Diving Technology Innovations Quiz

Questions and Answers

What innovation in the 1530s allowed for extended periods underwater?

Diving suits made of metal

Diving bells supplied with surface air (correct)

Submersible submarines

Manual air pumps for divers

What was a significant advancement in diving technology by the 1830s?

The invention of the first submarine

Full-body diving suits for deep sea exploration

The perfection of the surface supplied air helmet (correct)

Use of compressed air tanks for scuba diving

What material were early diving suits made from in the 16th century?

Leather (correct)

Canvas

Metal

Rubber

What depth could divers reach using leather suits in the 16th century?

60 ft

What two avenues of investigation advanced underwater exploration in the 19th century?
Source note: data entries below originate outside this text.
lemma forcing_lit_forced:
  assumes marks: "\<forall>l\<in>set (lits c). ltrue l \<longleftrightarrow> lvar l \<in> M" and forced: "\<forall>v\<in>M. I v"
    and sm: "clause_constraint q r I (skeleton c)" and hc: "horn_clause (fst (skeleton c))"
    and s: "clause_forcing q r c = Some pol" and l: "l \<in> set (lits c)" "lpos l = pol" "\<not> ltrue l"
  shows "I (lvar l)"
proof (cases pol)
  case True
  then have a: "asserts q r" "negs_true (lits c)" using s
      by (auto simp: clause_forcing_def forcing_pol_def split: if_splits)
  then obtain l' where l': "l' \<in> set (lits c)" "I (lvar l')
      = lpos l'" using sm by (auto simp: clause_constraint_skeleton)
  have "lpos l'"
  proof (rule ccontr)
    assume "\<not> lpos l'"
    then have "ltrue l'" using a(2) l'(1) by (auto simp: negs_true_def)
    then have "I (lvar l')" using marks forced l'(1) by auto
    then show False using l'(2) \<open>\<not> lpos l'\<close> by simp
  qed
  have "(lvar l', True) \<in> set (fst (skeleton c))" "(lvar l, True) \<in> set (fst (skeleton c))"
    using l' \<open>lpos l'\<close> l True by (auto simp: skeleton_def image_iff intro: bexI[of _ l'] bexI[of _ l])
  then have "lvar l' = lvar l" using horn_clause_pos_unique[OF hc] by blast
  then show ?thesis using l' \<open>lpos l'\<close> by simp
next
  case False
  then have "negates q r" "selected c" using s
      by (auto simp: clause_forcing_def forcing_pol_def split: if_splits)
  then show ?thesis using sm l False by (auto simp: clause_constraint_skeleton)
qed

lemma clause_forcing_lit:
  assumes "clause_forcing q r c = Some pol"
  shows "\<exists>l\<in>set (lits c). lpos l = pol \<and> \<not> ltrue l"
  using assms by (auto simp: clause_forcing_def forcing_pol_def has_open_pos_def
      has_open_neg_def split: if_splits)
Scientific and Technologic

What is a consequence of pulmonary barotrauma during diving?

Air embolism

What immediate treatment is required for air embolism?

Rapid decompression

What causes face mask squeeze in divers?

Pressure differential between internal and external pressure

How can divers equalize the pressure in their eustachian tubes?

By blowing gently against closed nostrils

What is a likely effect if sinus air pressure does not equalize during descent?

Sinus squeeze

What can happen to a diver's eyes due to face mask squeeze?
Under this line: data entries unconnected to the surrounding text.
text \<open>
  The squared edge lengths of a generic realisation along edges whose rows of the rigidity
  matrix are independent are algebraically independent: a relation of minimal degree among
  them, pulled back to the coordinates, vanishes identically, so differentiating it at a generic
  real realisation yields a linear dependence among those rows unless all partial derivatives of
  the relation vanish, which is impossible for a nonzero relation of minimal degree.  Rigidity
  supplies \<open>2n - 3\<close> such edges.  On the other hand a realisation with \<open>q(v\<^sub>1) = (0,0)\<close> and
  \<open>q(v\<^sub>2) = (0,z)\<close> has at most \<open>2n - 3\<close> nonzero coordinates, and a field generated by \<open>k\<close>
  elements contains no \<open>k + 1\<close> algebraically independent ones (more monomials of bounded degree
  than there is room for).  As the edge lengths of \<open>q\<close> coincide with those of \<open>p\<close> and lie in
  \<open>\<rat>(q)\<close>, they form a transcendence basis of \<open>\<rat>(q)\<close>, and the same holds for \<open>p\<close>.
\<close>

subsection \<open>Polynomials over \<open>\<rat>\<close> in several variables\<close>

definition qmono :: "('i \<Rightarrow> 'a::field_char_0) \<Rightarrow> ('i \<Rightarrow>\<^sub>0 nat) \<Rightarrow> 'a" where
  "qmono x m = (\<Prod>i\<in>Poly_Mapping.keys m. x i ^ Poly_Mapping.lookup m i)"
lemma mixed_difference_bound:
  fixes p :: "real^'d::finite \<Rightarrow> real \<Rightarrow> real"
  assumes "open I" and t: "t \<in> I" and sp: "smooth_on I p" and pt: "\<And>y. dt p y t = 0"
  shows "\<exists>M r. 0 < r \<and> (\<forall>b. \<bar>b\<bar> < r \<longrightarrow> t + b \<in> I) \<and> (\<forall>h k. \<bar>h\<bar> < r \<longrightarrow> \<bar>k\<bar> < r \<longrightarrow>
    \<bar>(p (x + h *\<^sub>R axis i 1) (t + k) - p x (t + k)) - (p (x + h *\<^sub>R axis i 1) t - p x t)\<bar>
      \<le> \<bar>h\<bar> * (M * k\<^sup>2))"
proof -
  define e where "e = axis i (1::real)"
  have s1: "smooth_on I (dt p)" and s2: "smooth_on I (dx i (dt p))"
    using smooth_on_dt[OF sp] smooth_on_dx[OF smooth_on_dt[OF sp]] .
  obtain M r where "0 < r" and inI: "\<And>b. \<bar>b\<bar> < r \<Longrightarrow> t + b \<in> I"
    and M: "\<And>a b. \<bar>a\<bar> < r \<Longrightarrow> \<bar>b\<bar> < r \<Longrightarrow> \<bar>dt (dx i (dt p)) (x + a *\<^sub>R e) (t + b)\<bar> \<le> M"
    using smooth_on_locally_bounded[OF assms(1) t smooth_on_dt[OF s2], of x i] unfolding e_def by blast
  have "\<bar>(p (x + h *\<^sub>R e) (t + k) - p x (t + k)) - (p (x + h *\<^sub>R e) t - p x t)\<bar> \<le> \<bar>h\<bar> * (M * k\<^sup>2)"
    if hk: "\<bar>h\<bar> < r" "\<bar>k\<bar> < r" for h k
  proof -
    have "\<exists>\<eta>. \<bar>\<eta>\<bar> \<le> \<bar>k\<bar> \<and> (p (x + h *\<^sub>R e) (t + k) - p x (t + k)) - (p (x + h *\<^sub>R e) (t + 0) - p x (t + 0))
        = k * (dt p (x + h *\<^sub>R e) (t + \<eta>) - dt p x (t + \<eta>))"
      by (rule MVT_from_zero, rule DERIV_diff; rule has_real_derivative_dt_shift[OF sp inI]) (use hk in auto)
    then obtain \<eta> where \<eta>: "\<bar>\<eta>\<bar> \<le> \<bar>k\<bar>"
      and time: "(p (x + h *\<^sub>R e) (t + k) - p x (t + k)) - (p (x + h *\<^sub>R e) t - p x t)
        = k * (dt p (x + h *\<^sub>R e) (t + \<eta>) - dt p x (t + \<eta>))"
      by auto
    have "\<bar>\<eta>\<bar> < r" using \<eta> hk by linarith
    have "\<exists>\<xi>. \<bar>\<xi>\<bar> \<le> \<bar>h\<bar> \<and> dt p (x + h *\<^sub>R e) (t + \<eta>) - dt p (x + 0 *\<^sub>R e) (t + \<eta>)
        = h * dx i (dt p) (x + \<xi> *\<^sub>R e) (t + \<eta>)"
      unfolding e_def by (rule MVT_from_zero, rule has_real_derivative_dx_axis[OF s1 inI]) (use \<open>\<bar>\<eta>\<bar> < r\<close> in simp)
    then obtain \<xi> where \<xi>: "\<bar>\<xi>\<bar> \<le> \<bar>h\<bar>"
      and space: "dt p (x + h *\<^sub>R e) (t + \<eta>) - dt p x (t + \<eta>) = h * dx i (dt p) (x + \<xi> *\<^sub>R e) (t + \<eta>)"
      by auto
    have "\<exists>\<eta>'. \<bar>\<eta>'\<bar> \<le> \<bar>\<eta>\<bar> \<and> dx i (dt p) (x + \<xi> *\<^sub>R e) (t + \<eta>) - dx i (dt p) (x + \<xi> *\<^sub>R e) (t + 0)
        = \<eta> * dt (dx i (dt p)) (x + \<xi> *\<^sub>R e) (t + \<eta>')"
      by (rule MVT_from_zero, rule has_real_derivative_dt_shift[OF s2 inI]) (use \<open>\<bar>\<eta>\<bar> < r\<close> in auto)
    moreover have "dx i (dt p) z t = 0" for z
      unfolding dx_def pt by simp
    ultimately obtain \<eta>' where \<eta>': "\<bar>\<eta>'\<bar> \<le> \<bar>\<eta>\<bar>"
      and time': "dx i (dt p) (x + \<xi> *\<^sub>R e) (t + \<eta>) = \<eta> * dt (dx i (dt p)) (x + \<xi> *\<^sub>R e) (t + \<eta>')"
      by auto
    define D where "D = dt (dx i (dt p)) (x + \<xi> *\<^sub>R e) (t + \<eta>')"
    have "\<bar>D\<bar> \<le> M"
      unfolding D_def using M \<xi> \<eta>' \<open>\<bar>\<eta>\<bar> < r\<close> hk by simp
    have "\<bar>k * (h * (\<eta> * D))\<bar> = \<bar>h\<bar> * (\<bar>k\<bar> * \<bar>\<eta>\<bar> * \<bar>D\<bar>)"
      by (simp add: abs_mult mult_ac)
    also have "\<dots> \<le> \<bar>h\<bar> * (\<bar>k\<bar> * \<bar>k\<bar> * M)"
      by (intro mult_left_mono mult_mono) (use \<eta> \<open>\<bar>D\<bar> \<le> M\<close> in auto)
    also have "\<dots> = \<bar>h\<bar> * (M * k\<^sup>2)"
      by (simp add: power2_eq_square abs_mult_self_eq)
    finally show ?thesis
      unfolding time space time' D_def .
  qed
  with \<open>0 < r\<close> inI show ?thesis unfolding e_def by blast
qed

lemma dx_bigo_square_if_dt_vanishes:
  fixes p :: "real^'d::finite \<Rightarrow> real \<Rightarrow> real"
  assumes "open I" "t \<in> I" "smooth_on I p" "\<And>y. dt p y t = 0" and dx0: "dx i p x t = 0"
  shows "(\<lambda>k. dx i p x (t + k)) \<in> O[at 0](\<lambda>k. k\<^sup>2)"
proof -
  obtain M r where "0 < r" and inI: "\<And>b. \<bar>b\<bar> < r \<Longrightarrow> t + b \<in> I" and M: "\<And>h k. \<bar>h\<bar> < r \<Longrightarrow> \<bar>k\<bar> < r \<Longrightarrow>
      \<bar>(p (x + h *\<^sub>R axis i 1) (t + k) - p x (t + k)) - (p (x + h *\<^sub>R axis i 1) t - p x t)\<bar>
        \<le> \<bar>h\<bar> * (M * k\<^sup>2)"
    using mixed_difference_bound[OF assms(1-4)] by blast
  have "\<bar>dx i p x (t + k)\<bar> \<le> M * k\<^sup>2" if "\<bar>k\<bar> < r" for k
  proof -
    have "((\<lambda>h. (p (x + h *\<^sub>R axis i 1) (t + k) - p x (t + k)) - (p (x + h *\<^sub>R axis i 1) t - p x t))
        has_real_derivative dx i p x (t + k) - dx i p x t) (at 0)"
      using has_real_derivative_dx[OF assms(3)] inI[OF that] assms(2)
      by (auto intro!: derivative_eq_intros)
    moreover have "\<forall>\<^sub>F h in at 0.
        \<bar>(p (x + h *\<^sub>R axis i 1) (t + k) - p x (t + k)) - (p (x + h *\<^sub>R axis i 1) t - p x t)\<bar>
          \<le> M * k\<^sup>2 * \<bar>h\<bar>"
      unfolding eventually_at using \<open>0 < r\<close> M[OF _ that] by (auto simp: dist_real_def mult.commute)
    ultimately show ?thesis
      using DERIV_abs_le_if_linear_bound dx0 by fastforce
  qed
  hence "\<forall>\<^sub>F k in at 0. norm (dx i p x (t + k)) \<le> M * norm (k\<^sup>2)"
    unfolding eventually_at using \<open>0 < r\<close> by (auto simp: dist_real_def)
  thus ?thesis by (rule bigoI)
qed

lemma norm_grad_le_sum: "norm (grad f x s) \<le> (\<Sum>i\<in>UNIV. \<bar>dx i f x s\<bar>)"
  using norm_le_l1_cart[of "grad f x s"] by (simp add: grad_def)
Squeezing out of their sockets

What condition arises from congested sinuses during diving?

Aerosinusitis

What happens when divers hold their breath while ascending too quickly?

Air embolism risk increases

What causes pneumothorax in divers?

Air forced through alveoli when lung tissue ruptures

What is the most abundant gas in air at sea level?

Nitrogen

What phenomenon occurs due to an increase in inspired nitrogen pressure while diving?

Nitrogen narcosis

Which depth of seawater typically produces effects similar to consuming 1 dry martini?

15.2 m

What is the trace gas in air at sea level?

Carbon dioxide

Which safety practice should divers follow to prevent pneumothorax and air embolism?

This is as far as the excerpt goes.